[Saved data entries]
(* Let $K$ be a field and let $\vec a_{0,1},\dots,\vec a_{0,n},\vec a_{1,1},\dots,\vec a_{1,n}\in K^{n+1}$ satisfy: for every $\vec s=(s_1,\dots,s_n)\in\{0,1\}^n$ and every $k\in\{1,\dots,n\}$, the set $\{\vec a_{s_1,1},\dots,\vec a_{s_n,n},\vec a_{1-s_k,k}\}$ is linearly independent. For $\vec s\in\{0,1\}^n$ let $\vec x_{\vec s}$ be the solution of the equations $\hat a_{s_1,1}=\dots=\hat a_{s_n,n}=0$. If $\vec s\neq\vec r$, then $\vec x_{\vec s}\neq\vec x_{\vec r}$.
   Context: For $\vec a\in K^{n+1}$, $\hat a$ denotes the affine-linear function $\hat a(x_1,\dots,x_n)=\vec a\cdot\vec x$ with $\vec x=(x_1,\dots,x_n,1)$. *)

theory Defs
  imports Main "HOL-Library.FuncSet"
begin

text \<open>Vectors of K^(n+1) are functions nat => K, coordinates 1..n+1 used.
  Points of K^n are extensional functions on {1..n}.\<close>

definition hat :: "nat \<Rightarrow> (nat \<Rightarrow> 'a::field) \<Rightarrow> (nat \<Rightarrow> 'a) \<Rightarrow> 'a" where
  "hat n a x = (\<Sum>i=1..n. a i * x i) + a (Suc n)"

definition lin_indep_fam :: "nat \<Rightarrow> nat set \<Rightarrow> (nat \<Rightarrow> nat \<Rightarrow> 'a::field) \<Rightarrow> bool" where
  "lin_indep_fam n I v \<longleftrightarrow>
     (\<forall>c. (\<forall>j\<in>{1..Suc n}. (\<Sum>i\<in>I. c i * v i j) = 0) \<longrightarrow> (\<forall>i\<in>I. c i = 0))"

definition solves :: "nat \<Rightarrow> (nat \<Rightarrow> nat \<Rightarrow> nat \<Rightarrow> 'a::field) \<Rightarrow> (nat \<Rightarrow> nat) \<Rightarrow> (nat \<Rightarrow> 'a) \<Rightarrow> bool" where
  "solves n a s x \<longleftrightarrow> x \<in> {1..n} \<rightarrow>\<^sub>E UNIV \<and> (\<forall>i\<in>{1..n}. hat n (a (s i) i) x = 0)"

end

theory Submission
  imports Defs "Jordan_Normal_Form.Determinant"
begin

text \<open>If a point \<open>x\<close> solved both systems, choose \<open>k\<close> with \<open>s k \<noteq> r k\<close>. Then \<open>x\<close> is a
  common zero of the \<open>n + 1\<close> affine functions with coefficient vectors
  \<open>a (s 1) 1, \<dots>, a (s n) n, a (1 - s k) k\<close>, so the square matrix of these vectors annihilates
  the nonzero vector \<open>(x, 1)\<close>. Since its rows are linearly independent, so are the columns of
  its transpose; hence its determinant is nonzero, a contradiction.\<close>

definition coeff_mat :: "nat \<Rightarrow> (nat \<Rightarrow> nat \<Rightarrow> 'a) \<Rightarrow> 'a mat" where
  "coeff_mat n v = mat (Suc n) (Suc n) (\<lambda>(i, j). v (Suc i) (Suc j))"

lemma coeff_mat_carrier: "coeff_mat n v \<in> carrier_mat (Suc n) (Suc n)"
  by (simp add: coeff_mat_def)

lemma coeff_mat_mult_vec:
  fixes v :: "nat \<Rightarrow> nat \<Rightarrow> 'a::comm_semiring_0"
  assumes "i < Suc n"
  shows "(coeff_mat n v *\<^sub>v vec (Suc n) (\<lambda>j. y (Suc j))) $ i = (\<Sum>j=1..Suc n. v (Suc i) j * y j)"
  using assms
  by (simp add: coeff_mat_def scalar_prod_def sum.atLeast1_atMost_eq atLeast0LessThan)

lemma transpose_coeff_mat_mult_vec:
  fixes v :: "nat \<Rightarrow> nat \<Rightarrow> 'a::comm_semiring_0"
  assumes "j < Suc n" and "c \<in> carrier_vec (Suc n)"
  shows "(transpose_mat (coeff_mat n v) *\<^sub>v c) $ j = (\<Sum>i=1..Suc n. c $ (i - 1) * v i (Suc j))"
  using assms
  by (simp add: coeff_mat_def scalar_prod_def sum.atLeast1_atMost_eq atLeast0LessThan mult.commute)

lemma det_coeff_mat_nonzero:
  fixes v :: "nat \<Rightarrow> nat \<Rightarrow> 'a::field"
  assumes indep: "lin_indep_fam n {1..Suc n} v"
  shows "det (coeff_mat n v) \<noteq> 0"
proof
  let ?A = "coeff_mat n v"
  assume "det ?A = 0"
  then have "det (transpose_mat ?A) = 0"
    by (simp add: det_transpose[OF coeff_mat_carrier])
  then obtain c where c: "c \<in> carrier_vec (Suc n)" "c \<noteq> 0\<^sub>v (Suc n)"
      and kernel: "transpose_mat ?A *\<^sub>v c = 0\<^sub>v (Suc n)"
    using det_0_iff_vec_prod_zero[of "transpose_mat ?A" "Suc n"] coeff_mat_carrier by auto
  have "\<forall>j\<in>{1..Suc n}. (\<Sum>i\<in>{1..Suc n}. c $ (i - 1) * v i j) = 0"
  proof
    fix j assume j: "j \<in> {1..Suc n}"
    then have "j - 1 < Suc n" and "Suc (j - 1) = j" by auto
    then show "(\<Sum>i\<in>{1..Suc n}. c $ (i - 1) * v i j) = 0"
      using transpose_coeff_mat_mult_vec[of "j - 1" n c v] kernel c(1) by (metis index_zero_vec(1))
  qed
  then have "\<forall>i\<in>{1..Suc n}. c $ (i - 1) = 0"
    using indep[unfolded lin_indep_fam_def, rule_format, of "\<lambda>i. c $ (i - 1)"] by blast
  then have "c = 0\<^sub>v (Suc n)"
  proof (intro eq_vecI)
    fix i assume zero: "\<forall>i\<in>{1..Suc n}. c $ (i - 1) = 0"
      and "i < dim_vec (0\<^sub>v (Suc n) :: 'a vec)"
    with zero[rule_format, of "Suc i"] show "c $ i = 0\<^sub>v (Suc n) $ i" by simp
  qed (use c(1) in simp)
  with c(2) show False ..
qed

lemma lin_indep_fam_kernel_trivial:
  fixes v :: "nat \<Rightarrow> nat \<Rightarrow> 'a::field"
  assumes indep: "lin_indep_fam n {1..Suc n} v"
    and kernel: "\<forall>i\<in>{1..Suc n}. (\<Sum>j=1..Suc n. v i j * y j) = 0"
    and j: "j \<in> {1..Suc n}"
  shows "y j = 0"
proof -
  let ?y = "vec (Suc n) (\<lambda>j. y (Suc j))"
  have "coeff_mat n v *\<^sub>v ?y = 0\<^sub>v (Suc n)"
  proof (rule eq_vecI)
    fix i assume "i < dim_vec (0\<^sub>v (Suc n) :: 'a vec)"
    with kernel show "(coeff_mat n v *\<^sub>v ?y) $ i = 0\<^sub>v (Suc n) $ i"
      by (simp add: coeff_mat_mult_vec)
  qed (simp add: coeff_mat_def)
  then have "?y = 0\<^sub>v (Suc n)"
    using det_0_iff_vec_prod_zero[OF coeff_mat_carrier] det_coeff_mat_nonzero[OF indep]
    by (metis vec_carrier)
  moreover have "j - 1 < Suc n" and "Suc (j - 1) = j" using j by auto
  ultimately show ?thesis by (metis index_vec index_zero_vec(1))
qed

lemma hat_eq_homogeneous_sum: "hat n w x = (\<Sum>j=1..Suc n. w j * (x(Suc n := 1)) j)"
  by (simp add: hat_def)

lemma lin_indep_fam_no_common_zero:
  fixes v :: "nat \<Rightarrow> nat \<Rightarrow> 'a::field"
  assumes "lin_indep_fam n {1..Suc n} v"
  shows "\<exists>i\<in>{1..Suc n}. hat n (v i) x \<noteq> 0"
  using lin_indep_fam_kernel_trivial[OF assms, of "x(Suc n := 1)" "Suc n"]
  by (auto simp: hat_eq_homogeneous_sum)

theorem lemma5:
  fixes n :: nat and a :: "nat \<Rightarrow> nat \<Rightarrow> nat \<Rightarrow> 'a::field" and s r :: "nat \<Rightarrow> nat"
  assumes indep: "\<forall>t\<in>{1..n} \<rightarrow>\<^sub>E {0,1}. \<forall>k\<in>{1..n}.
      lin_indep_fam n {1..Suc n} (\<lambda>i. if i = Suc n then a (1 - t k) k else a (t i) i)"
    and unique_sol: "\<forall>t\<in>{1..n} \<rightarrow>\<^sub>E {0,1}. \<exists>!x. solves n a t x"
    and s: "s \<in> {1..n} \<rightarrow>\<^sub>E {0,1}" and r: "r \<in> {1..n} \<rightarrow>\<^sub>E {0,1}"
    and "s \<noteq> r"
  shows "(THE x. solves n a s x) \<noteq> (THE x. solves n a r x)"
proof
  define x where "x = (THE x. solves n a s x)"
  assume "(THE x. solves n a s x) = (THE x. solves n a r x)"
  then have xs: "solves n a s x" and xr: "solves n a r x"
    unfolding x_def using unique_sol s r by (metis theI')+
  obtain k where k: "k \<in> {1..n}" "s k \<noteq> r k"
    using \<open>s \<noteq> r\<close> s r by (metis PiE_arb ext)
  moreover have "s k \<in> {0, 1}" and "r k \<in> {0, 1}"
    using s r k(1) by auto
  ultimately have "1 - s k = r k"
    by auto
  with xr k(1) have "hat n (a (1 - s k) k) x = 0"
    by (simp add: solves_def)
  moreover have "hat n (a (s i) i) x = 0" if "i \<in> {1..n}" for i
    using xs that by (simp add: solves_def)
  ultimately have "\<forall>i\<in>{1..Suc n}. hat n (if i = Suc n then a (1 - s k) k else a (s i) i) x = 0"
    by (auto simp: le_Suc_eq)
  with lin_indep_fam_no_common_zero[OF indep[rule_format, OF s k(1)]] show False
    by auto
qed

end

▶ EXERCISE DETAILS
In the entries above, the lines from the one bearing "s x) = (THE" up to and including the one bearing "using \<open>s \<noteq>" should be transcribed exactly; no other line is wanted.

▶ ANSWER BOX
  assume "(THE x. solves n a s x) = (THE x. solves n a r x)"
  then have xs: "solves n a s x" and xr: "solves n a r x"
    unfolding x_def using unique_sol s r by (metis theI')+
  obtain k where k: "k \<in> {1..n}" "s k \<noteq> r k"
    using \<open>s \<noteq> r\<close> s r by (metis PiE_arb ext)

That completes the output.